Material provided:

_ _ _ _ _ _ _

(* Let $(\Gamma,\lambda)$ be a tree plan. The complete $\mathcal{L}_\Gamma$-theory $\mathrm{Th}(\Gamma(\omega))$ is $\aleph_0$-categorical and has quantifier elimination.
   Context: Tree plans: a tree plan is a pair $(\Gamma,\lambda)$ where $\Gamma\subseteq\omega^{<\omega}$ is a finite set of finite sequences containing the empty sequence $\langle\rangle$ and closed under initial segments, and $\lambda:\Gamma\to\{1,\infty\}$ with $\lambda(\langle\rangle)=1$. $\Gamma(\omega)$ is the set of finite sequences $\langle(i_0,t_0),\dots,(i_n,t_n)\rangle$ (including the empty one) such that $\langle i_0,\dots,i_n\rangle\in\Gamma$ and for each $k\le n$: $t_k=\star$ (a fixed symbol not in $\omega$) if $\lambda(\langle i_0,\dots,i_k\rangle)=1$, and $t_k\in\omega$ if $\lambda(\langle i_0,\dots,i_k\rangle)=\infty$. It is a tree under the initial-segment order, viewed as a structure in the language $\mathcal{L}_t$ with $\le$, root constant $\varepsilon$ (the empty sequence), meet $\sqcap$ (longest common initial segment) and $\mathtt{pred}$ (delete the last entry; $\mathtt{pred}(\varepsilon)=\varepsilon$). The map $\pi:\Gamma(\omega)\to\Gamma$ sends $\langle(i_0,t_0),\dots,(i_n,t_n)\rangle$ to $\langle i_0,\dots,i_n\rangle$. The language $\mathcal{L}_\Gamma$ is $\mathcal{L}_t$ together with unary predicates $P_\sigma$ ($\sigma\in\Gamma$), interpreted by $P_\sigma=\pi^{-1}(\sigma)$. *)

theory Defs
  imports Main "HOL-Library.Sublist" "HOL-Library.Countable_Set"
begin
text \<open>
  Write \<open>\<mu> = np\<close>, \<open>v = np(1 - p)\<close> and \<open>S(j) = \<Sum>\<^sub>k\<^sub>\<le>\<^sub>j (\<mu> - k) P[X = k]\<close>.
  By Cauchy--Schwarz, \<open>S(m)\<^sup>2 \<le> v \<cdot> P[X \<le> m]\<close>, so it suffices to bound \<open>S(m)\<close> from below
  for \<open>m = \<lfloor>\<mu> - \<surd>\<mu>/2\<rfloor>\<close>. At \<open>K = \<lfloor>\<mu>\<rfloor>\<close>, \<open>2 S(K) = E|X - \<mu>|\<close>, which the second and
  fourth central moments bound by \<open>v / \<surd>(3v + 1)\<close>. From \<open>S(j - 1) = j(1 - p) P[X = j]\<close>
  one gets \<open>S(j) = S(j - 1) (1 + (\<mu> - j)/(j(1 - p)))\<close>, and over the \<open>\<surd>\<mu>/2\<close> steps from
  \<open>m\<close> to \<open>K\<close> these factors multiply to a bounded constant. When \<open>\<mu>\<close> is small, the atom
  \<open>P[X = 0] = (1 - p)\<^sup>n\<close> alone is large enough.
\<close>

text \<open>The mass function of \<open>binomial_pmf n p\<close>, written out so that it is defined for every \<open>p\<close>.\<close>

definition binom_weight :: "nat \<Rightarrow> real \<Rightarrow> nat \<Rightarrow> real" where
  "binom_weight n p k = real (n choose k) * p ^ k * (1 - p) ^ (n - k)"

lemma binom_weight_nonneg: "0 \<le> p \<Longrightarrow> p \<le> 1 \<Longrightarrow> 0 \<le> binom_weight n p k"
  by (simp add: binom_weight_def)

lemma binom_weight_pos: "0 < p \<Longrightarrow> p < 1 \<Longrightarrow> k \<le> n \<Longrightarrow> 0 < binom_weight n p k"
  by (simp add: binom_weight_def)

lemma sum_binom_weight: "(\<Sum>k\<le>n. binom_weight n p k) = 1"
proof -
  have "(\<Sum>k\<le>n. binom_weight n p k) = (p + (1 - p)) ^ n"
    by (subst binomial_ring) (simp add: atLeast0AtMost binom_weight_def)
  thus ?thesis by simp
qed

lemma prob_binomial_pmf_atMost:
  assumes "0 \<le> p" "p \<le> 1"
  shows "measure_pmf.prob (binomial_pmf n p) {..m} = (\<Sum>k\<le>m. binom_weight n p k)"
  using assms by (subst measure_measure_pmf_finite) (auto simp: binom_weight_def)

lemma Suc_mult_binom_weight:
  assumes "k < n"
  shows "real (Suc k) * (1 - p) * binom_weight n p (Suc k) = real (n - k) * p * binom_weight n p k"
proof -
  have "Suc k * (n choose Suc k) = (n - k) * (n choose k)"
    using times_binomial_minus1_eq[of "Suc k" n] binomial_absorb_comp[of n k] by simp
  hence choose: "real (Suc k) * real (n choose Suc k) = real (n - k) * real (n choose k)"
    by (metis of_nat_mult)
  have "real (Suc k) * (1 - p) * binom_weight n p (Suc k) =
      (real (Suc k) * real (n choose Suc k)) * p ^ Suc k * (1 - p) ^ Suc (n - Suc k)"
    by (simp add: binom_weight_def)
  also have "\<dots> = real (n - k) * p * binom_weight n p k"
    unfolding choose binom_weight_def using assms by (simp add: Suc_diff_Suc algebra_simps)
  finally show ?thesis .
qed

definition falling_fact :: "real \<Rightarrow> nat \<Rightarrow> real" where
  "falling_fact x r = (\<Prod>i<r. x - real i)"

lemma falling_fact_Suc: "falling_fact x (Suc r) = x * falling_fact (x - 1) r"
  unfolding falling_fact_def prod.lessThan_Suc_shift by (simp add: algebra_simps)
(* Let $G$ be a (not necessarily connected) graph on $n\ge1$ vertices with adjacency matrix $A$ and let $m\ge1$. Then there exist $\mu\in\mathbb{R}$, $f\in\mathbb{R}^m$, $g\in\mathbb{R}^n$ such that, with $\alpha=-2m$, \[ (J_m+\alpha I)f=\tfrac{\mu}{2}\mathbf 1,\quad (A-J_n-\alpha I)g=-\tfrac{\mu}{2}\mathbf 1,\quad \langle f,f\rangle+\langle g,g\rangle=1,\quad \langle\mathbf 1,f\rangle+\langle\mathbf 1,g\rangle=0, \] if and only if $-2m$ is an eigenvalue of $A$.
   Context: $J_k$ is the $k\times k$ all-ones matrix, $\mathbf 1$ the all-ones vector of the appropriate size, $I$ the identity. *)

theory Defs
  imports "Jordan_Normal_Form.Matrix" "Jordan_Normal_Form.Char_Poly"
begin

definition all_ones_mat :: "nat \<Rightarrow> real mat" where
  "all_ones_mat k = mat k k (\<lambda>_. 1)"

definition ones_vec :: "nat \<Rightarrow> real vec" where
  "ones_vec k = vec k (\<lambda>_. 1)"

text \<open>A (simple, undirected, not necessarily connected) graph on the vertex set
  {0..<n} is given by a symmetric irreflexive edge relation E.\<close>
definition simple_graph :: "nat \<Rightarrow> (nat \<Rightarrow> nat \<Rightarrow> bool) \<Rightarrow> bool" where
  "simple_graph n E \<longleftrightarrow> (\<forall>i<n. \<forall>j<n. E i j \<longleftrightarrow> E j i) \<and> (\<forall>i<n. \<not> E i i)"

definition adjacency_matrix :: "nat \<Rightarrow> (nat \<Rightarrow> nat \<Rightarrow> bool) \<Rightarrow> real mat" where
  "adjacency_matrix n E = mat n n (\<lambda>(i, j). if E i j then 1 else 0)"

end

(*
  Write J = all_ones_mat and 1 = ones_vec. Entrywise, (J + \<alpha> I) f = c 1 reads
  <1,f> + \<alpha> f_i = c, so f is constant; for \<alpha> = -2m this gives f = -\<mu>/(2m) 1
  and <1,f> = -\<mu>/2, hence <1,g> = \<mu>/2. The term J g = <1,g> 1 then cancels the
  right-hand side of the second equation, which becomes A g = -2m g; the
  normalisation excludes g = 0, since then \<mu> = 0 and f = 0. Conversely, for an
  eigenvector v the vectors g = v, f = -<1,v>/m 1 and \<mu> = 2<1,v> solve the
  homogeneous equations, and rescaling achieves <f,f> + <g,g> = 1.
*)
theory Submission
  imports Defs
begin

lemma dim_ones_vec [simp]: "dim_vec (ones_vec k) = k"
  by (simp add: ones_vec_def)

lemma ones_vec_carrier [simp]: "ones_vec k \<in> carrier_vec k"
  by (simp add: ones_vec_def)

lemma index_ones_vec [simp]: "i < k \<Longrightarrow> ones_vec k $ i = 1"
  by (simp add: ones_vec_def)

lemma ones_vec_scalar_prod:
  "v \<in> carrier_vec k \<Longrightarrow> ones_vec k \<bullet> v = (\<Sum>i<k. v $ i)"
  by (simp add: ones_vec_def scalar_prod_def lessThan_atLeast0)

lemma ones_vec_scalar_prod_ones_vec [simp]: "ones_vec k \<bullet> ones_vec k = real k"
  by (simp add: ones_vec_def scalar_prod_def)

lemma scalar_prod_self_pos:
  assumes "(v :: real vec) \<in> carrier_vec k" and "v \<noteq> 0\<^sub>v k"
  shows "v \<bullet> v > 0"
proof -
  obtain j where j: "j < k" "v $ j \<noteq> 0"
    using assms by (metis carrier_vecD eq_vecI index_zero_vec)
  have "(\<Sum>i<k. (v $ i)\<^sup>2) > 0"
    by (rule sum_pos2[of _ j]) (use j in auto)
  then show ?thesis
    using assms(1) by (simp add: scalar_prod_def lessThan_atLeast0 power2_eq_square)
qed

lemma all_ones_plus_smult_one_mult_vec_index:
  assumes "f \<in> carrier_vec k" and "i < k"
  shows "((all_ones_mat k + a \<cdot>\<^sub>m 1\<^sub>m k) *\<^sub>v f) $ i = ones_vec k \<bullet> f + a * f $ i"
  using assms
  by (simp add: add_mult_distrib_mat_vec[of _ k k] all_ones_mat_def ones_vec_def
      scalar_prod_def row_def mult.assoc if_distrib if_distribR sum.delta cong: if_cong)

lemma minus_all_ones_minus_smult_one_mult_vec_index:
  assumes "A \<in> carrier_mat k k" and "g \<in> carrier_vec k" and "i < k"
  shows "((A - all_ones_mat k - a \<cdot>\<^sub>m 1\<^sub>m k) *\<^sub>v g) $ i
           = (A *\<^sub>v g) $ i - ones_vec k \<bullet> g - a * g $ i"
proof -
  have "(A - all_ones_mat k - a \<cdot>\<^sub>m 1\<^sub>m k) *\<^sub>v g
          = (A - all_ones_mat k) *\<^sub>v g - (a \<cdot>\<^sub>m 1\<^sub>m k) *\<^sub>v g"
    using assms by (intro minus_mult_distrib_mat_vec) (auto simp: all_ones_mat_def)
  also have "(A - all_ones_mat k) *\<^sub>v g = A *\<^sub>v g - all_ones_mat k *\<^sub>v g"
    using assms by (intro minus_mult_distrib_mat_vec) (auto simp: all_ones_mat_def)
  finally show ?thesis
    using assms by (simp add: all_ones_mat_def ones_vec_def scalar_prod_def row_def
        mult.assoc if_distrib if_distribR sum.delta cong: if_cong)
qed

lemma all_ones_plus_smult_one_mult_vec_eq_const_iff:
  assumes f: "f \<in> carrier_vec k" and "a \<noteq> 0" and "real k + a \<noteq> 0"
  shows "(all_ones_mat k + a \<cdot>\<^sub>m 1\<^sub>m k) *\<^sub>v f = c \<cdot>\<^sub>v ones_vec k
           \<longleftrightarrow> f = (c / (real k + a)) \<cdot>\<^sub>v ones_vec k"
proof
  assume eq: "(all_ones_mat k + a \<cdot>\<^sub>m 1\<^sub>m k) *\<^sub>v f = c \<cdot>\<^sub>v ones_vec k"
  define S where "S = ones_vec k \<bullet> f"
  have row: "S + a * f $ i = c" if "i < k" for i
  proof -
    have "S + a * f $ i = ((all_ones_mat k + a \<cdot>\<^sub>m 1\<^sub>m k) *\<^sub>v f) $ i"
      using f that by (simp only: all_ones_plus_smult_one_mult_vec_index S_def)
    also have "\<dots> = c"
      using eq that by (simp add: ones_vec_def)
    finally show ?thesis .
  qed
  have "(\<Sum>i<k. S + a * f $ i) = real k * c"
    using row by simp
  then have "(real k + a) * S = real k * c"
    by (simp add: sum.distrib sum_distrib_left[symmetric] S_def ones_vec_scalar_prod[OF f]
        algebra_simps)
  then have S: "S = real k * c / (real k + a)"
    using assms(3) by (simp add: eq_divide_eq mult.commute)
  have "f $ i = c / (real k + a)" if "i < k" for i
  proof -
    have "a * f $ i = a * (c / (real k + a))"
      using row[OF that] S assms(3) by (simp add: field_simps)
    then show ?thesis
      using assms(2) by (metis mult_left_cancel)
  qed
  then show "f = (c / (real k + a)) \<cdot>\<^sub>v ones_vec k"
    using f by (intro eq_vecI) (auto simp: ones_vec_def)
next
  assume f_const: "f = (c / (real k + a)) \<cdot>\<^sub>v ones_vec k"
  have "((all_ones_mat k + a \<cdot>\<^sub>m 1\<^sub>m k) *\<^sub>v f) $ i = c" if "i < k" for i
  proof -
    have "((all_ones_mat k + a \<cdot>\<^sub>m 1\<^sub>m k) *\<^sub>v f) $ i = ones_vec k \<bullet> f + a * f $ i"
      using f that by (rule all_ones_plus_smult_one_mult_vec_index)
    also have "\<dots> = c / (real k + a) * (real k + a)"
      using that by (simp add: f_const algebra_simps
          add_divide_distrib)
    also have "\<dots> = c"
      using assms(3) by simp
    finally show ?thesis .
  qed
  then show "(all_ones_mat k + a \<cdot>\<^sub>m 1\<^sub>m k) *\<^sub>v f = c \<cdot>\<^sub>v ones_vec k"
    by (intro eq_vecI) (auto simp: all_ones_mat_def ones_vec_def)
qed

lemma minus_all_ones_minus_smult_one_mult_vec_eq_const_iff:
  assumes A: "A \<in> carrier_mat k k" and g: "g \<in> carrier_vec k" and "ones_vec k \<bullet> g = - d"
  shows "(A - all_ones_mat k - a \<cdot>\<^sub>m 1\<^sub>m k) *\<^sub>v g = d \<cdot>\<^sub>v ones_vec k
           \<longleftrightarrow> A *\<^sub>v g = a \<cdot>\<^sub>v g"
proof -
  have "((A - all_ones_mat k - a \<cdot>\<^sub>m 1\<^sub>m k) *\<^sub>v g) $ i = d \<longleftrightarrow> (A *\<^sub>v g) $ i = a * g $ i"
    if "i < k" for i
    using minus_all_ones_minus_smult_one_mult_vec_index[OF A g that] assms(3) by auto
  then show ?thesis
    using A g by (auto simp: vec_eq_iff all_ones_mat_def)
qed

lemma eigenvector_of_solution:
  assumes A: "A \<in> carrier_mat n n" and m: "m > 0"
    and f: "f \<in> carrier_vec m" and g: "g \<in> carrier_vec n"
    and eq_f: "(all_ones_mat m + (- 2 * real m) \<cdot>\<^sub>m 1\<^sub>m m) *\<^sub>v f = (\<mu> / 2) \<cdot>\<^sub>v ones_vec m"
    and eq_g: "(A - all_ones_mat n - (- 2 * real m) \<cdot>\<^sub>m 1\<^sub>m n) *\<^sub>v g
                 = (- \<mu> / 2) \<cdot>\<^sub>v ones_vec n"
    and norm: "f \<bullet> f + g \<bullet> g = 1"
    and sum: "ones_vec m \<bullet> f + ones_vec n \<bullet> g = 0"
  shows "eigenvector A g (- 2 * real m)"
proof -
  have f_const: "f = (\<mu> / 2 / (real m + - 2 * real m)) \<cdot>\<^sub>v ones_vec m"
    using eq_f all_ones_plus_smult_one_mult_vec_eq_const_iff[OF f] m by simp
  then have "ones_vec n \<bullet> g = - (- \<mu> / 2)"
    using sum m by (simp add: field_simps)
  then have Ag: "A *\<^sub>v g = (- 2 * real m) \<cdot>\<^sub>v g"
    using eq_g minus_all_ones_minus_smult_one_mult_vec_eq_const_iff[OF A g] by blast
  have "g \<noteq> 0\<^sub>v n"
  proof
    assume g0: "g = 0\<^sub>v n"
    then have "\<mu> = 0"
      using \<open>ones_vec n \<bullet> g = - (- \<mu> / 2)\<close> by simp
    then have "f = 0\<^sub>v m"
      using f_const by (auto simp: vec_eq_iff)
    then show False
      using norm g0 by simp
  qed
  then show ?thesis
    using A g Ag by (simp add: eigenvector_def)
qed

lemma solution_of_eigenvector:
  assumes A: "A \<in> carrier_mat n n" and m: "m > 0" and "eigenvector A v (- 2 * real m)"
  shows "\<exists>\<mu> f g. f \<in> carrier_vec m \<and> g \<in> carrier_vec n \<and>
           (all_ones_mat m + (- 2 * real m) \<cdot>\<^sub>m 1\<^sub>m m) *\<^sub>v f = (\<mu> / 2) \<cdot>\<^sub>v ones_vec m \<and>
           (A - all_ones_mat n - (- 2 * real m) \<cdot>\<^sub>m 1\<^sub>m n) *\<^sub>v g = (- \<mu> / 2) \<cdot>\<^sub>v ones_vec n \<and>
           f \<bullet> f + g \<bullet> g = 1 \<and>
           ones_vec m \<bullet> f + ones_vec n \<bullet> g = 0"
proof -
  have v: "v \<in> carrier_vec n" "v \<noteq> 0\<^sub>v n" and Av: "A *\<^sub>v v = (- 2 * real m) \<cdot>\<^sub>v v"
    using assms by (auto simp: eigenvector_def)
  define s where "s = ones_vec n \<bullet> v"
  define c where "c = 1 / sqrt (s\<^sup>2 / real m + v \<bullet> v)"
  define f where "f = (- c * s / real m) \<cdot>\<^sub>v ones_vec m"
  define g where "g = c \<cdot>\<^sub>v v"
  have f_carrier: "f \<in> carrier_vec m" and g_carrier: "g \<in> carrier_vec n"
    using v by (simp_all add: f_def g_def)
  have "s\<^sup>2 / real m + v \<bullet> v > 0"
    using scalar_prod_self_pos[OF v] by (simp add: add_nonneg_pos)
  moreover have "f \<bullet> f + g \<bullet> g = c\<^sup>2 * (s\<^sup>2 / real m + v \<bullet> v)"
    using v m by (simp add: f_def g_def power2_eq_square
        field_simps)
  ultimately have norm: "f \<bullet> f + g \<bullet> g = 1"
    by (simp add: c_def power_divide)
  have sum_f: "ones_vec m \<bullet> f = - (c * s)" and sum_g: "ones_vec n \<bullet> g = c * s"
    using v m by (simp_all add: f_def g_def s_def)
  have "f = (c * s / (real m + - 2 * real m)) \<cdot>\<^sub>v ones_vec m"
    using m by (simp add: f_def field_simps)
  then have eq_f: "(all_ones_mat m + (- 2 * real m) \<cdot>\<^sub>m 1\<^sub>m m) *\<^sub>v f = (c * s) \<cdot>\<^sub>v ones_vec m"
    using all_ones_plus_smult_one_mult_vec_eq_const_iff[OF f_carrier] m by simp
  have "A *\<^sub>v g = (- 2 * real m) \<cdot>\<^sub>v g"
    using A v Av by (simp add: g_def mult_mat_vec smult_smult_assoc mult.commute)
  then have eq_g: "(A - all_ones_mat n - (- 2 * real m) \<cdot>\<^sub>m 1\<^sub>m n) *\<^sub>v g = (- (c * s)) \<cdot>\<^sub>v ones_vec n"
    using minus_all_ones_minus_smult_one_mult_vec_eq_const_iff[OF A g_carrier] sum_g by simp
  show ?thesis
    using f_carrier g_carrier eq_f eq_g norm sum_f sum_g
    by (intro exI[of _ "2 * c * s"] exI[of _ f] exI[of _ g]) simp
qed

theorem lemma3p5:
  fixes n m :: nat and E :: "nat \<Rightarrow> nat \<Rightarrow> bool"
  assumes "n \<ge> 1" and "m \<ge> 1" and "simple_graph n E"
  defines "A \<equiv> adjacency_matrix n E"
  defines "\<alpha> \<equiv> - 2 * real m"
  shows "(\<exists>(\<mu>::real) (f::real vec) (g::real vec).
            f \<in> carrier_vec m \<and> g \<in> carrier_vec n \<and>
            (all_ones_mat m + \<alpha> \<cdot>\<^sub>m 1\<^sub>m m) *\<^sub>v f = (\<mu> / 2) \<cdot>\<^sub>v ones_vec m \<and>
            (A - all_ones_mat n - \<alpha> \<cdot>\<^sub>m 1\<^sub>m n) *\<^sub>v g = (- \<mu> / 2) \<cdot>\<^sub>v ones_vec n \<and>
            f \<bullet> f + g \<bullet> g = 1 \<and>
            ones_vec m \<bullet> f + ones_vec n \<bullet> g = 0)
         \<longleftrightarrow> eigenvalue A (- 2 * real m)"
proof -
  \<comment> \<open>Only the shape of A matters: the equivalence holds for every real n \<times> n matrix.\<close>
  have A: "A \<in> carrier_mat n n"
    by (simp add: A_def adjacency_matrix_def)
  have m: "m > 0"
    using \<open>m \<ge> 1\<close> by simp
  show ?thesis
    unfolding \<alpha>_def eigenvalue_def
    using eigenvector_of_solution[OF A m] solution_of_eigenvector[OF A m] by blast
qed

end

_ _ _ _ _ _ _

What is required:
How many of the listing's lines include "theory"? State only that number.

Task answer:
4